• [INSTRUCTIONS TO FOLLOW]
Would you reproduce exactly the lines below from the one holding "obtains K where" through the one holding "text \<open>With exactly", inclusive, and no others?

--

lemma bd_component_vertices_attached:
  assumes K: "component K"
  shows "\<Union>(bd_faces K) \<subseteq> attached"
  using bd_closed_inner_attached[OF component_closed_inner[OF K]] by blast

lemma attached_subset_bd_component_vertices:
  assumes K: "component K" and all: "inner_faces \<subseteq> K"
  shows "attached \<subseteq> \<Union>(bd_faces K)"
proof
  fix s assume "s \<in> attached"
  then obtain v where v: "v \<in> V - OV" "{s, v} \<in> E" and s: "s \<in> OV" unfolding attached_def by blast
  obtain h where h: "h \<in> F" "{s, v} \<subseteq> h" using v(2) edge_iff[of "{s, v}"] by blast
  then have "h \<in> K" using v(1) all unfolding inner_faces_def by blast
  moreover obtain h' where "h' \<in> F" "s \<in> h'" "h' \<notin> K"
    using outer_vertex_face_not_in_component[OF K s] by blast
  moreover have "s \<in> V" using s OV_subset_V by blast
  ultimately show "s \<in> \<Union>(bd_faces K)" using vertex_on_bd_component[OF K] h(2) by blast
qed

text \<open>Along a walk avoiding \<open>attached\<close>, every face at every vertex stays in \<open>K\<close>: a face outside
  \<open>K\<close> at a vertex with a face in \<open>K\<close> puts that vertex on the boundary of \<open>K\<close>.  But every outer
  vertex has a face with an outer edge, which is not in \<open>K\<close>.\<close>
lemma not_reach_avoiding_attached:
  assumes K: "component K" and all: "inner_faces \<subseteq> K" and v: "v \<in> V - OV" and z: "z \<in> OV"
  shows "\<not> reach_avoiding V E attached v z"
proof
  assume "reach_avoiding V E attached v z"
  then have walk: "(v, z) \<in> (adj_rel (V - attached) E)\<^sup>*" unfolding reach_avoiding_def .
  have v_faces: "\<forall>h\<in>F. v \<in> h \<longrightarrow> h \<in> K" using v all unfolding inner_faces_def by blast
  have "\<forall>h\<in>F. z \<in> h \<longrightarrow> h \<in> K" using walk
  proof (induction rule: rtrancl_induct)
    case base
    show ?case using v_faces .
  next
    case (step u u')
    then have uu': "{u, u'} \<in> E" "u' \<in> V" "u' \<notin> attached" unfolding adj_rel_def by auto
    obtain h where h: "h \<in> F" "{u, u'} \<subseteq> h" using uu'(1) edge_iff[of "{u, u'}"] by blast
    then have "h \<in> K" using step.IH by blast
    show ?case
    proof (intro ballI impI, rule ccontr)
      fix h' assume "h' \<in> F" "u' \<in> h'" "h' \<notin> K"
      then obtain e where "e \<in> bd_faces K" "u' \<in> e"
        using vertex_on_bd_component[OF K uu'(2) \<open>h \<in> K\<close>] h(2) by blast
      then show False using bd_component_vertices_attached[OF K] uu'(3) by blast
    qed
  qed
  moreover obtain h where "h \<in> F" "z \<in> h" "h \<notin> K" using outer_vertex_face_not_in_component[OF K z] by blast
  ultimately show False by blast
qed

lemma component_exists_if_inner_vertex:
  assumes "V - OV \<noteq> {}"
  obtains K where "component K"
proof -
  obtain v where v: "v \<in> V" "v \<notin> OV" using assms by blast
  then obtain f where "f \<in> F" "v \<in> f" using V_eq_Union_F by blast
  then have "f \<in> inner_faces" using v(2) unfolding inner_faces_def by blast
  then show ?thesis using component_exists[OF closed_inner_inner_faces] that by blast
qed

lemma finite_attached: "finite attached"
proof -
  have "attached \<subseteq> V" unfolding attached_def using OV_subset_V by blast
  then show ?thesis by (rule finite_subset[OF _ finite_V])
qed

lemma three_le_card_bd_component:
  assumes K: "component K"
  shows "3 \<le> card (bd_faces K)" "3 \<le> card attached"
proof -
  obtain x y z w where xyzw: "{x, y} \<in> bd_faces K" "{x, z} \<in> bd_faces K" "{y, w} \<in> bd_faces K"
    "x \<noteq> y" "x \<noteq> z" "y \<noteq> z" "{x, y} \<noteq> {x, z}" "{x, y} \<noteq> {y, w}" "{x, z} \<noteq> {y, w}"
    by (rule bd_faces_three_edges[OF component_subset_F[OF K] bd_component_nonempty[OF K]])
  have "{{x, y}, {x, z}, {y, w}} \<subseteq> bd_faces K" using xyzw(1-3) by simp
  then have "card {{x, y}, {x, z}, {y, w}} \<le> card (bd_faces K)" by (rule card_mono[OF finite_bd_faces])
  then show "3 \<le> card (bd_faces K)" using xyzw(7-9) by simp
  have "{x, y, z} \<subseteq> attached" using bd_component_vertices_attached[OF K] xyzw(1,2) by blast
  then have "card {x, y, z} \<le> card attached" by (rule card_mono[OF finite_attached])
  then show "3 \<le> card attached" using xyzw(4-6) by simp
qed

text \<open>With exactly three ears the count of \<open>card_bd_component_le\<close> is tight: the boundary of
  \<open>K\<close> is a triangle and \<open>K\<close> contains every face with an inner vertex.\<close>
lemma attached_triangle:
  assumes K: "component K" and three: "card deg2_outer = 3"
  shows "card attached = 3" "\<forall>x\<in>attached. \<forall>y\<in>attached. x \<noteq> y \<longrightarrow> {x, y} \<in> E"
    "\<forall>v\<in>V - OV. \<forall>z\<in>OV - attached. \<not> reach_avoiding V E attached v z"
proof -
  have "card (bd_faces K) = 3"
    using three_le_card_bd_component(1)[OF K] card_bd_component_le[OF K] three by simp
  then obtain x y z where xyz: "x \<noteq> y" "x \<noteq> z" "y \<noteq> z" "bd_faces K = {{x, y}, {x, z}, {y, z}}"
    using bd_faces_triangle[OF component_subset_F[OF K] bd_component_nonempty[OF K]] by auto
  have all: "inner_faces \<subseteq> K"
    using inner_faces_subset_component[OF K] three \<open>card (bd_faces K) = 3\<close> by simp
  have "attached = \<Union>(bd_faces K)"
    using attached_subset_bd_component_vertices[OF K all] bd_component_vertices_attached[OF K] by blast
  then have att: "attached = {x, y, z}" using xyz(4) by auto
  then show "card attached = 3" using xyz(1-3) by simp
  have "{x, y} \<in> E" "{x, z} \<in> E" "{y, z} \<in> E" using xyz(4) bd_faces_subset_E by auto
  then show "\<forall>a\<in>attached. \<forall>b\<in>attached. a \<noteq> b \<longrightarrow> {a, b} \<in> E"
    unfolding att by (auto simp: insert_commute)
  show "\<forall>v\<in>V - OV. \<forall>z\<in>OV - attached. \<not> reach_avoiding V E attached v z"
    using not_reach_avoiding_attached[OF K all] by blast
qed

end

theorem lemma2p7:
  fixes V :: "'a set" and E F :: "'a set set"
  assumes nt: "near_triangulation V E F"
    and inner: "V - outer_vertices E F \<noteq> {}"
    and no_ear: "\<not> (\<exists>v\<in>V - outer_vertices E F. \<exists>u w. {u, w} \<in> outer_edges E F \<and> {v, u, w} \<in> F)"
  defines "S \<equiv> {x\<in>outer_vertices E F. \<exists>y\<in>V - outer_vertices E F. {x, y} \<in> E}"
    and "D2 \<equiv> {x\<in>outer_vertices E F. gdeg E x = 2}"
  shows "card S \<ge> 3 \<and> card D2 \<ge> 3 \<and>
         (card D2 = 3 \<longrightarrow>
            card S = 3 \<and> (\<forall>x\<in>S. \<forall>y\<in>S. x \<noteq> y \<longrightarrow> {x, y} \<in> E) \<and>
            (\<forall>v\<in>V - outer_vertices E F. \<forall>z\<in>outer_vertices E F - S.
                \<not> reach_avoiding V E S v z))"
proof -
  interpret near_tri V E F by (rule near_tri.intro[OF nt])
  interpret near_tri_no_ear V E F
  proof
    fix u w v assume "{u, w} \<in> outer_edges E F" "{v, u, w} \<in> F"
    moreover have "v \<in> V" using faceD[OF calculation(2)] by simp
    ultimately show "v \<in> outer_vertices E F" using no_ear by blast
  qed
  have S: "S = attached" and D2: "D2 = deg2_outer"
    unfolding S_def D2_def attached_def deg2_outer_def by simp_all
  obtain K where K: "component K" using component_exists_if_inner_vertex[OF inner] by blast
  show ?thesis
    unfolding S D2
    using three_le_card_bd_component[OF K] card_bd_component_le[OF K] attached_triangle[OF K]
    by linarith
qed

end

--

• [YOUR RESPONSE]
  obtains K where "component K"
proof -
  obtain v where v: "v \<in> V" "v \<notin> OV" using assms by blast
  then obtain f where "f \<in> F" "v \<in> f" using V_eq_Union_F by blast
  then have "f \<in> inner_faces" using v(2) unfolding inner_faces_def by blast
  then show ?thesis using component_exists[OF closed_inner_inner_faces] that by blast
qed

lemma finite_attached: "finite attached"
proof -
  have "attached \<subseteq> V" unfolding attached_def using OV_subset_V by blast
  then show ?thesis by (rule finite_subset[OF _ finite_V])
qed

lemma three_le_card_bd_component:
  assumes K: "component K"
  shows "3 \<le> card (bd_faces K)" "3 \<le> card attached"
proof -
  obtain x y z w where xyzw: "{x, y} \<in> bd_faces K" "{x, z} \<in> bd_faces K" "{y, w} \<in> bd_faces K"
    "x \<noteq> y" "x \<noteq> z" "y \<noteq> z" "{x, y} \<noteq> {x, z}" "{x, y} \<noteq> {y, w}" "{x, z} \<noteq> {y, w}"
    by (rule bd_faces_three_edges[OF component_subset_F[OF K] bd_component_nonempty[OF K]])
  have "{{x, y}, {x, z}, {y, w}} \<subseteq> bd_faces K" using xyzw(1-3) by simp
  then have "card {{x, y}, {x, z}, {y, w}} \<le> card (bd_faces K)" by (rule card_mono[OF finite_bd_faces])
  then show "3 \<le> card (bd_faces K)" using xyzw(7-9) by simp
  have "{x, y, z} \<subseteq> attached" using bd_component_vertices_attached[OF K] xyzw(1,2) by blast
  then have "card {x, y, z} \<le> card attached" by (rule card_mono[OF finite_attached])
  then show "3 \<le> card attached" using xyzw(4-6) by simp
qed

text \<open>With exactly three ears the count of \<open>card_bd_component_le\<close> is tight: the boundary of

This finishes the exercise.